* Exercise goal: In the data below, find the line containing "gH \<inter> HB", then set down that line and every later line up to and including the line containing "a \<otimes> b)", exactly.

* Material for this exercise:
(* Let $\mathcal{X}$ be an input set, $\mathcal{Y}$ an output set, and $\mathcal{F}$ a set of models $f:\mathcal{X}\to\mathcal{Y}$. Let $n,m\ge 1$. For $i=1,\dots,n$ let $t_i=(p_i,S_i,\ell_i)$ be a learning task, where $p_i$ is a probability distribution on $\mathcal{X}\times\mathcal{Y}$, $\ell_i:\mathcal{Y}\times\mathcal{Y}\to[0,1]$ is a loss function, and $S_i=\{(x_{i,1},y_{i,1}),\dots,(x_{i,m},y_{i,m})\}$ is a sample of size $m$ drawn i.i.d. from $p_i$, the samples $S_1,\dots,S_n$ being drawn independently of each other. Let $\mathcal{E}$ be a set and let $l:\mathcal{E}\to\mathbb{N}$ be the length function of a prefix-free encoding of $\mathcal{E}$. For each $E\in\mathcal{E}$, let $l_E:\bigcup_{k=1}^\infty\mathcal{F}^k\to\mathbb{N}$ be the length function of a prefix-free encoding of $\bigcup_{k=1}^\infty\mathcal{F}^k$. Then for any $\delta>0$, with probability at least $1-\delta$ over the sampling of $S_1,\dots,S_n$, for all $E\in\mathcal{E}$ and all $f_1,\dots,f_n\in\mathcal{F}$: $$\mathcal{R}(f_1,\dots,f_n)\le \mathrm{kl}^{-1}\!\left(\widehat{\mathcal{R}}(f_1,\dots,f_n)\,\middle|\,\frac{\big(l(E)+l_E(f_1,\dots,f_n)\big)\log 2+\log\frac{2\sqrt{mn}}{\delta}}{mn}\right).$$
   Context: A (prefix-free) encoding of a set $\mathcal{Z}$ is a map $C:\mathcal{Z}\to\{0,1\}^*$ such that for all $z\neq z'$, $C(z)$ is not a prefix of $C(z')$; its length function is $z\mapsto$ length of $C(z)$. $\mathcal{R}(f_1,\dots,f_n)=\frac1n\sum_{i=1}^n \mathbb{E}_{(x,y)\sim p_i}\ell_i(y,f_i(x))$ and $\widehat{\mathcal{R}}(f_1,\dots,f_n)=\frac{1}{mn}\sum_{i=1}^n\sum_{j=1}^m \ell_i(y_{i,j},f_i(x_{i,j}))$. For $q,p\in[0,1]$, $\mathrm{kl}(q|p)=q\log\frac{q}{p}+(1-q)\log\frac{1-q}{1-p}$ (Bernoulli KL divergence), and $\mathrm{kl}^{-1}(q|b)=\sup\{p\in[0,1]:\mathrm{kl}(q|p)\le b\}$. *)

theory Defs
  imports "HOL-Probability.Probability" "HOL-Library.Sublist"
begin

definition prefix_free_on :: "('a \<Rightarrow> bool list) \<Rightarrow> 'a set \<Rightarrow> bool" where
  "prefix_free_on C A \<longleftrightarrow> (\<forall>z\<in>A. \<forall>z'\<in>A. z \<noteq> z' \<longrightarrow> \<not> prefix (C z) (C z'))"

definition is_code_length :: "('a \<Rightarrow> nat) \<Rightarrow> 'a set \<Rightarrow> bool" where
  "is_code_length L A \<longleftrightarrow> (\<exists>C. prefix_free_on C A \<and> (\<forall>z\<in>A. L z = length (C z)))"

definition xlog_ratio :: "real \<Rightarrow> real \<Rightarrow> ereal" where
  "xlog_ratio a b = (if a = 0 then 0 else if b = 0 then \<infinity> else ereal (a * ln (a / b)))"

definition kl :: "real \<Rightarrow> real \<Rightarrow> ereal" where
  "kl q p = xlog_ratio q p + xlog_ratio (1 - q) (1 - p)"

definition kl_inv :: "real \<Rightarrow> real \<Rightarrow> real" where
  "kl_inv q b = Sup {p \<in> {0..1}. kl q p \<le> ereal b}"

definition true_risk ::
  "nat \<Rightarrow> (nat \<Rightarrow> ('x \<times> 'y) measure) \<Rightarrow> (nat \<Rightarrow> 'y \<Rightarrow> 'y \<Rightarrow> real) \<Rightarrow> (nat \<Rightarrow> 'x \<Rightarrow> 'y) \<Rightarrow> real" where
  "true_risk n p loss f = (1 / real n) * (\<Sum>i<n. \<integral>z. loss i (snd z) (f i (fst z)) \<partial>(p i))"

text \<open>Empirical multi-task risk; the sample s maps (i,j) to the j-th example of task i.\<close>
definition emp_risk ::
  "nat \<Rightarrow> nat \<Rightarrow> (nat \<Rightarrow> 'y \<Rightarrow> 'y \<Rightarrow> real) \<Rightarrow> (nat \<times> nat \<Rightarrow> 'x \<times> 'y) \<Rightarrow> (nat \<Rightarrow> 'x \<Rightarrow> 'y) \<Rightarrow> real" where
  "emp_risk n m loss s f = (1 / (real m * real n)) *
     (\<Sum>i<n. \<Sum>j<m. loss i (snd (s (i, j))) (f i (fst (s (i, j)))))"
lemma (in prob_space) sum_nn_integral_le_of_root_moment_le:
  fixes w :: "'i \<Rightarrow> 'a \<Rightarrow> real"
  assumes "finite I" and indep: "indep_vars (\<lambda>_. borel) w I"
    and bounded: "\<And>i \<omega>. i \<in> I \<Longrightarrow> \<omega> \<in> space M \<Longrightarrow> 0 \<le> w i \<omega> \<and> w i \<omega> \<le> B"
    and "1 \<le> q" "0 < B"
    and root_moment: "(\<integral>\<^sup>+\<omega>. ennreal ((\<Sum>i\<in>I. w i \<omega>) powr (1/q)) \<partial>M) \<le> ennreal (B powr (1/q))"
  shows "(\<Sum>i\<in>I. \<integral>\<^sup>+\<omega>. ennreal (w i \<omega>) \<partial>M) \<le> ennreal ((2 powr (q + 1) + 8) * B)"
proof -
  have [measurable]: "w i \<in> borel_measurable M" if "i \<in> I" for i
    using indep that by (auto simp: indep_vars_def)
  have int_w: "integrable M (w i)" if "i \<in> I" for i
    using bounded that by (intro integrable_bounded[where C = B]) auto
  have "integrable M (\<lambda>\<omega>. (\<Sum>i\<in>I. w i \<omega>) powr (1/q))"
    using bounded \<open>1 \<le> q\<close>
    by (intro integrable_bounded[where C = "(card I * B) powr (1/q)"])
      (auto intro!: powr_mono2 sum_bounded_above sum_nonneg)
  then have "ennreal (expectation (\<lambda>\<omega>. (\<Sum>i\<in>I. w i \<omega>) powr (1/q))) \<le> ennreal (B powr (1/q))"
    using root_moment by (subst nn_integral_eq_integral[symmetric]) auto
  then have "expectation (\<lambda>\<omega>. (\<Sum>i\<in>I. w i \<omega>) powr (1/q)) \<le> B powr (1/q)"
    by (simp add: ennreal_le_iff)
  with assms(1-5) have "(\<Sum>i\<in>I. expectation (w i)) \<le> (2 powr (q + 1) + 8) * B"
    by (rule sum_expectation_le_of_root_moment_le)
  moreover have "(\<Sum>i\<in>I. \<integral>\<^sup>+\<omega>. ennreal (w i \<omega>) \<partial>M) = ennreal (\<Sum>i\<in>I. expectation (w i))"
    using int_w bounded by (simp add: nn_integral_eq_integral integral_nonneg_AE sum_ennreal)
  ultimately show ?thesis
    by (simp add: ennreal_leI)
qed
(* Fix a subgroup H with |H| = kappa and a set B of representatives of distinct left cosets of H
   such that every left coset gH meets HB in at least kappa points.  H and B are asymptotically
   disjoint: for |I| < kappa and i, j in {1} \<union> I, the set iH \<inter> jB has at most one point.
   Suppose U and V were disjoint asymptotic neighbourhoods of H and B.  Then every gH lies in U up
   to fewer than kappa points and every hB (h in H) lies in V up to fewer than kappa points.  Hence
   W = \<Union>{hB - V | h in H} has at most kappa points, and W meets every gH, because some point of
   gH \<inter> HB lies in U and therefore not in V.  So G = WH has at most kappa points, a contradiction. *)

theory Submission
  imports Defs "HOL-Algebra.Coset"
begin

unbundle cardinal_syntax

lemma finite_ordLess_infinite_card_of:
  assumes "finite A" and "infinite C"
  shows "|A| <o |C|"
  using assms finite_ordLess_infinite[of "|A|" "|C|"] card_of_Well_order Field_card_of by metis

lemma card_of_Times_ordLeq_infinite:
  assumes "infinite C" and "|A| \<le>o |C|" and "|B| \<le>o |C|"
  shows "|A \<times> B| \<le>o |C|"
  using assms
  by (intro card_of_Times_ordLeq_infinite_Field) (auto simp: Field_card_of card_of_card_order_on)

lemma card_of_Un_ordLeq_infinite:
  assumes "infinite C" and "|A| \<le>o |C|" and "|B| \<le>o |C|"
  shows "|A \<union> B| \<le>o |C|"
  using assms
  by (intro card_of_Un_ordLeq_infinite_Field) (auto simp: Field_card_of card_of_card_order_on)

lemma card_of_Times_ordLess_infinite:
  fixes A B :: "'a set"
  assumes "infinite C" and "|A| <o |C|" and "|B| <o |C|"
  shows "|A \<times> B| <o |C|"
proof (cases "finite (A \<union> B)")
  case True
  then show ?thesis using assms(1) by (simp add: finite_ordLess_infinite_card_of)
next
  case False
  have "|A \<times> B| \<le>o |(A \<union> B) \<times> (A \<union> B)|" by (rule card_of_mono1) auto
  also have "|(A \<union> B) \<times> (A \<union> B)| =o |A \<union> B|" using False by (rule card_of_Times_same_infinite)
  also have "|A \<union> B| <o |C|" using assms by (rule card_of_Un_ordLess_infinite)
  finally show ?thesis .
qed

lemma exists_subset_inj_on_same_image: "\<exists>B \<subseteq> A. inj_on f B \<and> f ` B = f ` A"
proof (intro exI conjI)
  let ?B = "inv_into A f ` f ` A"
  show "?B \<subseteq> A" by (auto intro: inv_into_into)
  show "inj_on f ?B" by (rule inj_onI) (auto simp: f_inv_into_f)
  show "f ` ?B = f ` A" by (simp add: image_image f_inv_into_f cong: image_cong)
qed

context group
begin

lemma set_mult_eq_image: "A <#> B = (\<lambda>(a, b). a \<otimes> b) ` (A \<times> B)"
  unfolding set_mult_def by auto

lemma card_of_set_mult_ordLeq: "|A <#> B| \<le>o |A \<times> B|"
  unfolding set_mult_eq_image by (rule card_of_image)

lemma mem_l_coset_iff:
  assumes "subgroup H G" and "x \<in> carrier G" and "y \<in> carrier G"
  shows "y \<in> x <# H \<longleftrightarrow> inv x \<otimes> y \<in> H"
proof
  assume "y \<in> x <# H"
  then obtain h where "h \<in> H" and "y = x \<otimes> h" unfolding l_coset_def by blast
  then show "inv x \<otimes> y \<in> H"
    using assms subgroup.mem_carrier by (fastforce simp: m_assoc[symmetric])
next
  assume "inv x \<otimes> y \<in> H"
  then show "y \<in> x <# H" using assms by (intro subgroup.lcos_module_rev) (auto intro: is_group)
qed

lemma l_coset_eq_iff:
  assumes "subgroup H G" and "x \<in> carrier G" and "y \<in> carrier G"
  shows "x <# H = y <# H \<longleftrightarrow> inv x \<otimes> y \<in> H"
proof
  assume "x <# H = y <# H"
  moreover have "y \<in> y <# H" using assms by (simp add: mem_l_coset_iff subgroup.one_closed)
  ultimately show "inv x \<otimes> y \<in> H" using assms mem_l_coset_iff by blast
next
  assume "inv x \<otimes> y \<in> H"
  then show "x <# H = y <# H" using assms l_repr_independence mem_l_coset_iff by blast
qed

lemma l_coset_mult_mem:
  assumes "subgroup H G" and "x \<in> carrier G" and "h \<in> H"
  shows "(x \<otimes> h) <# H = x <# H"
proof -
  have "inv x \<otimes> (x \<otimes> h) = h"
    using assms subgroup.mem_carrier by (fastforce simp: m_assoc[symmetric])
  then show ?thesis using assms subgroup.mem_carrier l_coset_eq_iff[of H x "x \<otimes> h"] by fastforce
qed

lemma subgroup_if_div_closed:
  assumes "H \<subseteq> carrier G" and "\<one> \<in> H" and "\<And>a b. a \<in> H \<Longrightarrow> b \<in> H \<Longrightarrow> a \<otimes> inv b \<in> H"
  shows "subgroup H G"
proof (rule subgroupI)
  show "H \<subseteq> carrier G" and "H \<noteq> {}" using assms(1,2) by auto
  show inv: "inv a \<in> H" if "a \<in> H" for a
    using assms(3)[OF assms(2) that] assms(1) that by auto
  show "a \<otimes> b \<in> H" if "a \<in> H" and "b \<in> H" for a b
    using assms(3)[OF that(1) inv[OF that(2)]] assms(1) that by auto
qed

lemma subgroup_UN_chain:
  assumes "\<And>n. S n \<subseteq> carrier G" and "\<one> \<in> S 0" and "\<And>n. S n \<subseteq> S (Suc n)"
    and "\<And>n a b. a \<in> S n \<Longrightarrow> b \<in> S n \<Longrightarrow> a \<otimes> inv b \<in> S (Suc n)"
  shows "subgroup (\<Union>n. S n) G"
proof (rule subgroup_if_div_closed)
  show "(\<Union>n. S n) \<subseteq> carrier G" and "\<one> \<in> (\<Union>n. S n)" using assms(1,2) by auto
  have mono: "m \<le> n \<Longrightarrow> S m \<subseteq> S n" for m n
    using lift_Suc_mono_le[of S, OF assms(3)] .
  fix a b assume "a \<in> (\<Union>n. S n)" and "b \<in> (\<Union>n. S n)"
  then obtain m n where "a \<in> S m" and "b \<in> S n" by blast
  then have "a \<in> S (max m n)" and "b \<in> S (max m n)"
    using mono by (meson max.cobounded1 max.cobounded2 subsetD)+
  then show "a \<otimes> inv b \<in> (\<Union>n. S n)" using assms(4) by blast
qed

lemma exists_subgroup_card_of_ordLeq:
  assumes "infinite X" and "X \<subseteq> carrier G"
  shows "\<exists>H. subgroup H G \<and> X \<subseteq> H \<and> |H| \<le>o |X|"
proof (intro exI conjI)
  define step where "step Y = Y \<union> (\<lambda>(a, b). a \<otimes> inv b) ` (Y \<times> Y)" for Y
  define S where "S n = (step ^^ n) (insert \<one> X)" for n
  have S_Suc: "S (Suc n) = step (S n)" for n by (simp add: S_def)
  have S_carrier: "S n \<subseteq> carrier G" for n
    by (induction n) (auto simp: S_def step_def assms(2))
  show "subgroup (\<Union>n. S n) G"
    using S_carrier
  proof (rule subgroup_UN_chain)
    show "\<one> \<in> S 0" and "S n \<subseteq> S (Suc n)" for n by (auto simp: S_def step_def)
    show "a \<otimes> inv b \<in> S (Suc n)" if "a \<in> S n" and "b \<in> S n" for n a b
      unfolding S_Suc step_def using that by (intro UnI2 rev_image_eqI[of "(a, b)"]) auto
  qed
  show "X \<subseteq> (\<Union>n. S n)" using S_def[of 0] by auto
  have "|S n| \<le>o |X|" for n
  proof (induction n)
    case 0
    have "|{\<one>}| \<le>o |X|" using assms(1) by (intro card_of_singl_ordLeq) auto
    then have "|{\<one>} \<union> X| \<le>o |X|" using assms(1) ordLeq_refl card_of_Card_order
      by (intro card_of_Un_ordLeq_infinite) auto
    then show ?case by (simp add: S_def)
  next
    case (Suc n)
    have "|(\<lambda>(a, b). a \<otimes> inv b) ` (S n \<times> S n)| \<le>o |S n \<times> S n|" by (rule card_of_image)
    also have "|S n \<times> S n| \<le>o |X|" using assms(1) Suc by (intro card_of_Times_ordLeq_infinite)
    finally show ?case unfolding S_Suc step_def using assms(1) Suc by (intro card_of_Un_ordLeq_infinite)
  qed
  then show "|\<Union>n. S n| \<le>o |X|"
    using assms(1) infinite_iff_card_of_nat by (intro card_of_UNION_ordLeq_infinite) auto
qed

lemma inv_mult_cancel_left:
  assumes "x \<in> carrier G" and "y \<in> carrier G" and "z \<in> carrier G"
  shows "inv (x \<otimes> y) \<otimes> (x \<otimes> z) = inv y \<otimes> z"
  using assms by (simp add: inv_mult_group m_assoc) (simp add: m_assoc[symmetric])

definition double_coset :: "'a set \<Rightarrow> 'a \<Rightarrow> 'a set"
  where "double_coset H x = H <#> (x <# H)"

lemma mem_double_coset_self:
  assumes "subgroup H G" and "x \<in> carrier G"
  shows "x \<in> double_coset H x"
proof -
  have "x = \<one> \<otimes> (x \<otimes> \<one>)" using assms(2) by simp
  then show ?thesis
    using subgroup.one_closed[OF assms(1)] unfolding double_coset_def set_mult_def l_coset_def by blast
qed

lemma double_coset_eq_set_mult_l_coset:
  assumes "subgroup H G" and "h \<in> H" and "x \<in> carrier G"
  shows "double_coset H x = H <#> ((h \<otimes> x) <# H)"
proof -
  have H: "H \<subseteq> carrier G" and h: "h \<in> carrier G"
    using assms subgroup.subset by auto
  have "H <#> ((h \<otimes> x) <# H) = H <#> (h <# (x <# H))"
    using H h assms(3) by (simp add: lcos_m_assoc)
  also have "\<dots> = (H #> h) <#> (x <# H)"
    using H h assms(3) by (simp add: rcos_assoc_lcos l_coset_subset_G)
  also have "\<dots> = double_coset H x"
    using assms by (simp add: subgroup.rcos_const is_group double_coset_def)
  finally show ?thesis ..
qed

lemma double_coset_eq_if_l_coset_eq:
  assumes "subgroup H G" and "h \<in> H" and "h' \<in> H" and "x \<in> carrier G" and "y \<in> carrier G"
    and "(h \<otimes> x) <# H = (h' \<otimes> y) <# H"
  shows "double_coset H x = double_coset H y"
  using assms double_coset_eq_set_mult_l_coset by metis

lemma l_coset_if_mem_double_coset:
  assumes "subgroup H G" and "x \<in> carrier G" and "g \<in> double_coset H x"
  shows "\<exists>h\<in>H. g <# H = (h \<otimes> x) <# H"
proof -
  obtain h k where "h \<in> H" and "k \<in> H" and g: "g = h \<otimes> (x \<otimes> k)"
    using assms(3) unfolding double_coset_def set_mult_def l_coset_def by blast
  have "h \<in> carrier G" and "k \<in> carrier G"
    using \<open>h \<in> H\<close> \<open>k \<in> H\<close> assms(1) by (auto intro: subgroup.mem_carrier)
  then have "g <# H = (h \<otimes> x) <# H"
    using assms(1,2) \<open>k \<in> H\<close> l_coset_mult_mem[of H "h \<otimes> x" k] g by (simp add: m_assoc)
  then show ?thesis using \<open>h \<in> H\<close> by blast
qed

definition spreading_transversal :: "'a set \<Rightarrow> 'k set \<Rightarrow> 'a set \<Rightarrow> bool"
  where "spreading_transversal H K B \<longleftrightarrow> B \<subseteq> carrier G \<and> inj_on (\<lambda>b. b <# H) B \<and>
           (\<forall>g \<in> carrier G. |K| \<le>o |(g <# H) \<inter> (H <#> B)| )"

end

locale coset_representatives = subgroup + group +
  fixes S :: "'a set" and C :: "'a \<Rightarrow> 'a set"
  assumes S_subset: "S \<subseteq> carrier G"
    and inj_on_double_coset: "inj_on (double_coset H) S"
    and double_coset_image: "double_coset H ` S = double_coset H ` carrier G"
    and C_subset: "s \<in> S \<Longrightarrow> C s \<subseteq> H"
    and inj_on_l_coset_C: "s \<in> S \<Longrightarrow> inj_on (\<lambda>c. (c \<otimes> s) <# H) (C s)"
    and l_coset_image_C: "s \<in> S \<Longrightarrow> (\<lambda>c. (c \<otimes> s) <# H) ` C s = (\<lambda>h. (h \<otimes> s) <# H) ` H"
begin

* Your response:
   gH \<inter> HB lies in U and therefore not in V.  So G = WH has at most kappa points, a contradiction. *)

theory Submission
  imports Defs "HOL-Algebra.Coset"
begin

unbundle cardinal_syntax

lemma finite_ordLess_infinite_card_of:
  assumes "finite A" and "infinite C"
  shows "|A| <o |C|"
  using assms finite_ordLess_infinite[of "|A|" "|C|"] card_of_Well_order Field_card_of by metis

lemma card_of_Times_ordLeq_infinite:
  assumes "infinite C" and "|A| \<le>o |C|" and "|B| \<le>o |C|"
  shows "|A \<times> B| \<le>o |C|"
  using assms
  by (intro card_of_Times_ordLeq_infinite_Field) (auto simp: Field_card_of card_of_card_order_on)

lemma card_of_Un_ordLeq_infinite:
  assumes "infinite C" and "|A| \<le>o |C|" and "|B| \<le>o |C|"
  shows "|A \<union> B| \<le>o |C|"
  using assms
  by (intro card_of_Un_ordLeq_infinite_Field) (auto simp: Field_card_of card_of_card_order_on)

lemma card_of_Times_ordLess_infinite:
  fixes A B :: "'a set"
  assumes "infinite C" and "|A| <o |C|" and "|B| <o |C|"
  shows "|A \<times> B| <o |C|"
proof (cases "finite (A \<union> B)")
  case True
  then show ?thesis using assms(1) by (simp add: finite_ordLess_infinite_card_of)
next
  case False
  have "|A \<times> B| \<le>o |(A \<union> B) \<times> (A \<union> B)|" by (rule card_of_mono1) auto
  also have "|(A \<union> B) \<times> (A \<union> B)| =o |A \<union> B|" using False by (rule card_of_Times_same_infinite)
  also have "|A \<union> B| <o |C|" using assms by (rule card_of_Un_ordLess_infinite)
  finally show ?thesis .
qed

lemma exists_subset_inj_on_same_image: "\<exists>B \<subseteq> A. inj_on f B \<and> f ` B = f ` A"
proof (intro exI conjI)
  let ?B = "inv_into A f ` f ` A"
  show "?B \<subseteq> A" by (auto intro: inv_into_into)
  show "inj_on f ?B" by (rule inj_onI) (auto simp: f_inv_into_f)
  show "f ` ?B = f ` A" by (simp add: image_image f_inv_into_f cong: image_cong)
qed

context group
begin

lemma set_mult_eq_image: "A <#> B = (\<lambda>(a, b). a \<otimes> b) ` (A \<times> B)"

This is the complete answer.